En Brasil, luchar contra la corrupción causó inestabilidad; que en Argentina no lo haya hecho permite sospechar que el cambio no es tan profundo.

Cabe suponer que nadie preferiría vivir en una sociedad en la cual la corrupción estuviera extendida, en lugar de hacerlo en una sociedad en la cual la corrupción fuera perseguida y condenada. Si el punto de origen fuera el primero, como parece haberlo sido en Argentina, no debería sorprender, entonces, que la mayoría apoye un cambio hacia una sociedad menos corrupta.

Esta transición hacia una sociedad honrada, sin embargo, generó inestabilidad en muchos países. Así ocurrió en Brasil a partir del Lava Jato y así había ocurrido en Italia luego del proceso de mani pulite, que acarreó consecuencias de largo aliento, como la llegada del populista Berlusconi al poder, que quizás no fueran las pretendidas por quienes bregaban por una sociedad más honrada al comienzo del proceso.

Lo que ocurra en Brasil no es indiferente para nuestro país. Los lazos comerciales y financieros que tenemos con nuestro vecino hacen que cualquier atisbo de inestabilidad política en Brasil aumente los riesgos financieros para Argentina.

En Brasil, el hartazgo de los votantes con la corrupción estalló con el escándalo del Lava Jato, que llevó al juicio de destitución contra la expresidente Dilma Rousseff. El proceso derivó en una sucesión débil y una transición hacia las elecciones de 2018 en la que lo único cierto es la incertidumbre.

Es que los acuerdos políticos entre partidos tradicionales no alcanzaron para calmar a una justicia que actúa de manera independiente, ni a la población.

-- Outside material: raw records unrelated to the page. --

(* Let $C=\mathbb{S}^1\times\mathbb{R}$ be the flat Euclidean cylinder, $\theta_0\in\mathbb{S}^1$, $v=\{\theta_0\}\times\mathbb{R}$, and let $f:C\to C$ be a geodesic-preserving bijection with $f(v)=v$, $f(\theta_0,0)=(\theta_0,0)$ and $f(\theta_0,1)=(\theta_0,1)$. Then $f$ maps vertical geodesics to vertical geodesics and slant geodesics to slant geodesics.
   Context: $C$ carries the product of the flat metric on $\mathbb{S}^1=\mathbb{R}/\mathbb{Z}$ and the standard metric on $\mathbb{R}$. A geodesic is the image of a locally isometric immersion of the whole real line; a bijection (not assumed continuous) is geodesic-preserving if it maps every geodesic onto a geodesic as a set. Vertical geodesics are the lines $\{\theta\}\times\mathbb{R}$, horizontal geodesics are the circles $\mathbb{S}^1\times\{r\}$, and slant geodesics are all other geodesics. *)

theory Defs
  imports "HOL-Analysis.Analysis"
begin

text \<open>The flat cylinder C = S^1 x R with S^1 = R/Z.  A point of S^1 is represented
by its unique representative in [0,1); so C is the carrier set
[0,1) x R inside real x real.\<close>

definition cyl :: "(real \<times> real) set" where
  "cyl = {0..<1} \<times> UNIV"

definition circ_dist :: "real \<Rightarrow> real \<Rightarrow> real" where
  "circ_dist a b = min \<bar>a - b\<bar> (1 - \<bar>a - b\<bar>)"

definition cyl_dist :: "real \<times> real \<Rightarrow> real \<times> real \<Rightarrow> real" where
  "cyl_dist p q = sqrt ((circ_dist (fst p) (fst q))\<^sup>2 + (snd p - snd q)\<^sup>2)"

definition local_isometry_line :: "(real \<Rightarrow> real \<times> real) \<Rightarrow> bool" where
  "local_isometry_line \<gamma> \<longleftrightarrow> range \<gamma> \<subseteq> cyl \<and>
     (\<forall>t. \<exists>e>0. \<forall>s s'. \<bar>s - t\<bar> < e \<and> \<bar>s' - t\<bar> < e \<longrightarrow>
         cyl_dist (\<gamma> s) (\<gamma> s') = \<bar>s - s'\<bar>)"

definition geodesic :: "(real \<times> real) set \<Rightarrow> bool" where
  "geodesic G \<longleftrightarrow> (\<exists>\<gamma>. local_isometry_line \<gamma> \<and> G = range \<gamma>)"

definition vertical :: "(real \<times> real) set \<Rightarrow> bool" where
  "vertical G \<longleftrightarrow> (\<exists>\<theta>\<in>{0..<1}. G = {\<theta>} \<times> UNIV)"

definition horizontal :: "(real \<times> real) set \<Rightarrow> bool" where
  "horizontal G \<longleftrightarrow> (\<exists>r. G = {0..<1} \<times> {r})"

definition slant :: "(real \<times> real) set \<Rightarrow> bool" where
  "slant G \<longleftrightarrow> geodesic G \<and> \<not> vertical G \<and> \<not> horizontal G"

definition geodesic_preserving :: "(real \<times> real \<Rightarrow> real \<times> real) \<Rightarrow> bool" where
  "geodesic_preserving f \<longleftrightarrow> bij_betw f cyl cyl \<and>
     (\<forall>G. geodesic G \<longrightarrow> geodesic (f ` G))"

end

theory Submission
  imports Defs
begin

text \<open>Every geodesic of the flat cylinder is the image of a unit-speed straight line of the
plane under the covering map (x, y) \<mapsto> (x mod 1, y): a local isometry lifts locally to a
distance-preserving, hence affine, map into the plane, and the direction of the lift is locally
constant and therefore constant. Consequently distinct vertical lines are disjoint, a horizontal
circle meets every vertical line once, and a slant geodesic winds around the cylinder and meets
every vertical line at least twice. An injective geodesic-preserving map fixing v setwise
preserves the intersection pattern with v: a vertical line other than v goes to a geodesic
missing v, which must be vertical, and a slant geodesic goes to a geodesic other than v meeting
v twice, which must be slant.\<close>

lemma dist_preserving_imp_affine:
  fixes P :: "real \<Rightarrow> 'a::real_inner"
  assumes iso: "\<And>s s'. s \<in> I \<Longrightarrow> s' \<in> I \<Longrightarrow> dist (P s) (P s') = dist s s'"
    and I: "s \<in> I" "t \<in> I" "t' \<in> I" and "t \<noteq> t'"
  shows "P s = P t + ((s - t) / (t' - t)) *\<^sub>R (P t' - P t)"
proof -
  define x w c where "x = P s - P t" and "w = P t' - P t" and "c = (s - t) / (t' - t)"
  have nx: "norm x = \<bar>s - t\<bar>" and nw: "norm w = \<bar>t' - t\<bar>" and nxw: "norm (x - w) = \<bar>s - t'\<bar>"
    using iso[of s t] iso[of t' t] iso[of s t'] I
    by (simp_all add: x_def w_def dist_norm dist_real_def)
  \<comment> \<open>Polarization: the three distances determine the inner product, which forces \<open>x = c w\<close>.\<close>
  have xw: "inner x w = (s - t) * (t' - t)"
    using dot_norm_neg[of x w] by (simp add: nx nw nxw power2_eq_square algebra_simps)
  have "(norm (x - c *\<^sub>R w))\<^sup>2 = (norm x)\<^sup>2 - 2 * c * inner x w + c\<^sup>2 * (norm w)\<^sup>2"
    unfolding power2_norm_eq_inner
    by (simp add: inner_commute power2_eq_square algebra_simps)
  also have "\<dots> = (s - t - c * (t' - t))\<^sup>2"
    by (simp add: nx nw xw power2_eq_square algebra_simps)
  also have "\<dots> = 0"
    using \<open>t \<noteq> t'\<close> by (simp add: c_def)
  finally have "x = c *\<^sub>R w" by simp
  then show ?thesis by (simp add: x_def w_def c_def algebra_simps)
qed

definition cyl_proj :: "real \<times> real \<Rightarrow> real \<times> real" where
  "cyl_proj p = (frac (fst p), snd p)"

lemma cyl_proj_in_cyl: "cyl_proj p \<in> cyl"
  by (simp add: cyl_proj_def cyl_def frac_lt_1)

lemma cyl_proj_cyl: "p \<in> cyl \<Longrightarrow> cyl_proj p = p"
  by (auto simp: cyl_proj_def cyl_def)

lemma cyl_proj_add_cyl_proj: "cyl_proj (cyl_proj p + q) = cyl_proj (p + q)"
  by (simp add: cyl_proj_def)

lemma cyl_proj_add_Ints: "x \<in> \<int> \<Longrightarrow> cyl_proj (p + (x, 0)) = cyl_proj p"
  by (simp add: cyl_proj_def frac_add_int_right)

lemma circ_dist_eq_abs_diff_int:
  assumes "a \<in> {0..<1}" "b \<in> {0..<1}" "\<bar>a - b - of_int k\<bar> \<le> 1/2"
  shows "circ_dist a b = \<bar>a - b - of_int k\<bar>"
proof -
  have "k \<in> {-1, 0, 1}"
    using assms by (auto simp: abs_if split: if_split_asm)
  then show ?thesis
    using assms by (auto simp: circ_dist_def abs_if min_def)
qed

Cada ronda de acusaciones, juicios y arrestos aumenta la sed de justicia y, al hacerlo, disminuye la confianza en la clase política.

Ocurre que cuando la madeja comenzó a ser desenredada, quedó claro que pocos estarían a salvo. Michel Temer, el sucesor de Rousseff, tampoco tiene las manos limpias. Y aunque se habilidad política le permitió evitar su propio juicio de destitución, su popularidad y su credibilidad se derrumbaron.

A lo que no pudo escapar Brasil es a la crisis del sistema de partidos. Las encuestas preliminares para las elecciones presidenciales de octubre de 2018 muestran al expresidente Lula de Silva al frente, con casi el 35% de intención de voto, pero casi 45% de rechazo. Lo de Lula podría asemejarse a lo del Frente Para la Victoria en 2015 y 2017. Lo novedoso es quienes lo siguen en las preferencias: el exmilitar Jair Bolsonaro, una especie de Donald Trump brasilero, y Marina Silva, que ya fuera candidata por el Partido Verde. En el hemisferio norte, ambos candidatos serían calificados como anti-sistema. Los candidatos de los partidos tradicionales y del establishment no sólo quedaron lejos en las preferencias, sino que ni siquiera está claro quiénes serán.

Cualquiera de las opciones que hoy lidera las encuestas promete un período 2018-2022 inestable, lo que entraña un riesgo para nuestro país y para toda la región. No sólo el 25% de nuestro comercio exterior ocurre con Brasil, sino que lo que ocurra con el riesgo-país allí será determinante para el costo del financiamiento de nuestro déficit fiscal y el nivel del tipo de cambio.

Combatir la corrupción es un objetivo deseable, pero no es inocuo. La transición entre una forma atávica y extendida de hacer política y negocios hacia otras formas genera ruido. En Brasil, el Lava Jato fue desenmascarado por un conjunto de jueces y fiscales creíbles, íntegros e independientes. Que desataron un período de inestabilidad política cuyo final cuesta vislumbrar.

En Argentina, por el contrario, el súbito afán del fuero federal por acabar con la impunidad no causó inestabilidad alguna. Es más, parecería haber consolidado al gobierno, a juzgar por el resultado electoral de octubre. ¿Será motivo de alborozo o señal de que nada profundo cambió?

Los allanamientos, juicios abreviados y encarcelamientos no pueden darse por indicios ciertos de un cambio en la justicia. Es cierto que varios exfuncionarios, otrora impunes, están hoy tras las rejas. Pero también lo es que los actuales paladines de la justicia son los mismos que antes formaron parte de aquella red de corrupción y extorsión. Cuesta creer que hayan cambiado tanto. Como también cuesta creer que la política quiera que cambien.